Cai et al.³ transfected their Cas9/RecA, Cas9, and control elements (Fig 2) into human embryonic kidney 293FT cells expressing a blue fluorescent protein. When the cells have a C allele at position 196, they express a blue fluorescent protein, but a point mutation changing it to a T allele can cause the expression of enhanced green fluorescent protein. Loss of fluorescence indicates that non-homologous end joining occurred because an indel was introduced at position 196, while expression of enhanced green fluorescent protein indicates HDR occurred and the T allele is present. They saw a 1.7-fold increase in green fluorescent cells in the Cas9/RecA group compared to Cas9 only. Next, they tried their technique in vivo by electroporating rd1 mice with the Cas9/RecA and Cas9 plasmids.

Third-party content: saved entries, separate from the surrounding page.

(* Let $G$ be an unweighted digraph without loops having a reciprocal leaf $i$, and let $\widetilde G$ be the digraph obtained from $G$ by deleting vertex $i$ together with the two edges joining it to the rest of $G$. Let $M(t)$ and $\widetilde M(t)$ be the directed deformed graph Laplacians of $G$ and $\widetilde G$. Then $M(t)$ and $\widetilde M(t)$ have the same finite eigenvalues, with the same algebraic and the same geometric multiplicities.
   Context: A digraph $G=(V,E)$, no loops or multiple edges, adjacency matrix $A$ ($A_{ij}=1$ iff $(i,j)\in E$); $S=A\circ A^T$, $D=\mathrm{diag}(\mathrm{diag}(A^2))$; directed deformed graph Laplacian $M(t)=I-At+(D-I)t^2+(A-S)t^3$. A vertex $i$ is a reciprocal leaf if there is exactly one vertex $j\neq i$ with $(i,j)\in E$ or $(j,i)\in E$, and both $(i,j),(j,i)\in E$. For a regular square polynomial matrix $M(t)$, a finite eigenvalue $\lambda$ is a root of $\det M(t)$, its algebraic multiplicity is its multiplicity as such a root, and its geometric multiplicity is $\dim\ker M(\lambda)$. *)

theory Defs
  imports "HOL-Computational_Algebra.Polynomial" "Jordan_Normal_Form.Matrix_Kernel"
begin

definition digraph :: "nat \<Rightarrow> (nat \<times> nat) set \<Rightarrow> bool" where
  "digraph n E \<longleftrightarrow> E \<subseteq> {..<n} \<times> {..<n} \<and> (\<forall>v. (v, v) \<notin> E)"

definition adj_mat :: "nat \<Rightarrow> (nat \<times> nat) set \<Rightarrow> complex mat" where
  "adj_mat n E = mat n n (\<lambda>(i, j). if (i, j) \<in> E then 1 else 0)"

definition hadamard :: "'a::times mat \<Rightarrow> 'a mat \<Rightarrow> 'a mat" where
  "hadamard A B = mat (dim_row A) (dim_col A) (\<lambda>(i, j). A $$ (i, j) * B $$ (i, j))"
lemma exists_unbalanced_split:
  assumes N: "finite_measure N" "sets N = sets M"
    and S: "S \<in> sets M" "0 < emeasure M S"
    and null: "measure N (space M - S) = 0"
    and pos: "\<And>X. X \<in> sets M \<Longrightarrow> X \<subseteq> S \<Longrightarrow> 0 < emeasure M X \<Longrightarrow> 0 < measure N X"
    and not_atom: "\<not> atom M S"
    and not_two_atoms: "\<nexists>A1 A2. atom M A1 \<and> atom M A2 \<and> A1 \<inter> A2 = {} \<and> S = A1 \<union> A2"
  obtains P where "P \<in> sets M" "0 < measure N P" "0 < measure N (space M - P)"
    "measure N P \<noteq> measure N (space M - P)"
proof -
  interpret finite_measure N
    by (fact N(1))
  have diff: "measure N (X - Y) = measure N X - measure N Y" if "X \<in> sets M" "Y \<in> sets M" "Y \<subseteq> X" for X Y
    using finite_measure_Diff[of X Y] that N(2) by simp
  define T where "T = measure N (space M)"
  have compl: "measure N (space M - P) = T - measure N P" if "P \<in> sets M" for P
    using finite_measure_compl[of P] that N(2) sets_eq_imp_space_eq[OF N(2)] by (simp add: T_def)
  have "T = measure N S"
    using compl[OF S(1)] null by simp
  obtain B where B: "B \<in> sets M" "B \<subseteq> S" "0 < emeasure M B" "0 < emeasure M (S - B)"
    "0 < measure N B" "measure N B < measure N S"
    by (rule split_of_not_atom_less[OF N S not_atom pos])
  have "\<exists>P\<in>sets M. 0 < measure N P \<and> measure N P < T \<and> 2 * measure N P \<noteq> T"
  proof (cases "2 * measure N B = T")
    case True
    have "B \<inter> (S - B) = {}" "S = B \<union> (S - B)"
      using B(2) by auto
    then have "\<not> atom M B \<or> \<not> atom M (S - B)"
      using not_two_atoms by blast
    then obtain X where X: "X = B \<or> X = S - B" "\<not> atom M X"
      by blast
    have "measure N (S - B) = measure N B"
      using diff[OF S(1) B(1,2)] True \<open>T = measure N S\<close> by simp
    then have "X \<in> sets M" "X \<subseteq> S" "0 < emeasure M X" "2 * measure N X = T"
      using X(1) B S(1) True by auto
    have pos_X: "0 < measure N Y" if "Y \<in> sets M" "Y \<subseteq> X" "0 < emeasure M Y" for Y
      using that \<open>X \<subseteq> S\<close> by (intro pos) auto
    obtain X1 where "X1 \<in> sets M" "X1 \<subseteq> X" "0 < emeasure M X1" "0 < emeasure M (X - X1)"
      "0 < measure N X1" "measure N X1 < measure N X"
      by (rule split_of_not_atom_less[OF N \<open>X \<in> sets M\<close> \<open>0 < emeasure M X\<close> X(2) pos_X])
    then show ?thesis
      using \<open>2 * measure N X = T\<close> by (intro bexI[of _ X1]) auto
  next
    case False
    then show ?thesis
      using B \<open>T = measure N S\<close> by auto
  qed
  then obtain P where "P \<in> sets M" "0 < measure N P" "measure N P < T" "2 * measure N P \<noteq> T"
    by blast
  then show thesis
    by (intro that[of P]) (auto simp: compl)
qed

theorem theorem3p13:
  fixes M :: "'s measure" and p :: real and K :: "complex set"
    and J :: "'a::banach \<Rightarrow> 'a" and f :: "'s \<Rightarrow> 'a"
  assumes "complete_measure M"
    and "scalar_field K J"
    and "frechet_diff_norm TYPE('a)"
    and "1 < p" and "p \<noteq> 2"
    and "f \<in> Lp_space M p"
    and "\<not> (AE s in M. f s = 0)"
    and "Lp_left_symmetric M p K J f \<or> Lp_right_symmetric M p K J f"
  shows "atom M {s \<in> space M. f s \<noteq> 0} \<or>
         (\<exists>A1 A2. atom M A1 \<and> atom M A2 \<and> A1 \<inter> A2 = {} \<and>
                  {s \<in> space M. f s \<noteq> 0} = A1 \<union> A2)"
proof (rule ccontr)
  define S where "S = {s \<in> space M. f s \<noteq> 0}"
  assume "\<not> ?thesis"
  then have not_atoms: "\<not> atom M S" "\<nexists>A1 A2. atom M A1 \<and> atom M A2 \<and> A1 \<inter> A2 = {} \<and> S = A1 \<union> A2"
    by (auto simp: S_def)
  have f: "f \<in> borel_measurable M" "f \<in> Lp_space M p"
    using strongly_measurable_imp_borel_measurable[OF assms(1)] assms(6) by (auto simp: Lp_space_def)
  have S: "S \<in> sets M"
    unfolding S_def using f(1) by measurable
  have "0 < emeasure M S"
    using assms(7) AE_iff_measurable[OF S] by (auto simp: S_def zero_less_iff_neq_zero)
  moreover have "measure (Lp_density M p f) (space M - S) = 0"
    using S f(1) by (intro measure_Lp_density_zero) (auto simp: S_def)
  moreover have "0 < measure (Lp_density M p f) X"
    if "X \<in> sets M" "X \<subseteq> S" "0 < emeasure M X" for X
    using that f by (intro measure_Lp_density_pos) (auto simp: S_def)
  ultimately obtain P where "P \<in> sets M" "0 < measure (Lp_density M p f) P"
    "0 < measure (Lp_density M p f) (space M - P)"
    "measure (Lp_density M p f) P \<noteq> measure (Lp_density M p f) (space M - P)"
    using exists_unbalanced_split[OF finite_measure_Lp_density[OF f] sets_Lp_density S] not_atoms
    by blast
  then show False
    using not_Lp_left_symmetric_if_unbalanced[OF assms(2,4,5) f] assms(8)
      not_Lp_right_symmetric_if_unbalanced[OF assms(2,4,5) f] by blast
qed

end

The Cas9/Rec- treated mice had a fivefold increase in surviving rods and a fourfold increase in surviving cones compared to Cas9 treated mice. Electroretinogram data showed that the greatest functional difference occurred in brighter light. However, the protein expressed in Cas9/RecA-treated mice was only about 2% of what was expressed in wild-type mice.
Cai et al.³ chose the rd1 mouse model for their experiment, which has an aggressive phenotype. The rd10 mouse, also with a PDE6B mutation, has been suggested as an alternative for modeling RP in humans.⁷ Since they found more success treating postnatal day 0 mice than postnatal day 3 mice, allowing a longer treatment window would likely provide better results and be more representative of the human disease progression. Additionally, mice have a 35:1 rod-to-cone ratio, while humans have a ratio of 20:1. Experimentation in an animal with a more similar retina would better predict the effect on humans. The Sloughi Dog, or Arabian Greyhound, is affected by retinal atrophy due to PDE6B mutations, but people are generally hesitant to test potentially dangerous treatments on animals that are common pets.
Expression of 2% of the wild-type amount of protein seems trivial. However, patients can lose a significant amount of rods and cones (up to 90%) before noticing a difference in the clarity of their vision. Restoration to 20/20 vision is not necessarily the goal. About 90% of rods must be lost before cone degeneration, so maintaining beneath that threshold can prevent the most deleterious effects. Overall, the combined CRISPR-Cas9/RecA therapy shows promise for editing terminally differentiated cells, and in tandem with other tools for promoting HDR like vSLENDR, a technique using an adeno-associated virus, could provide significant benefits to patients with neurological disease.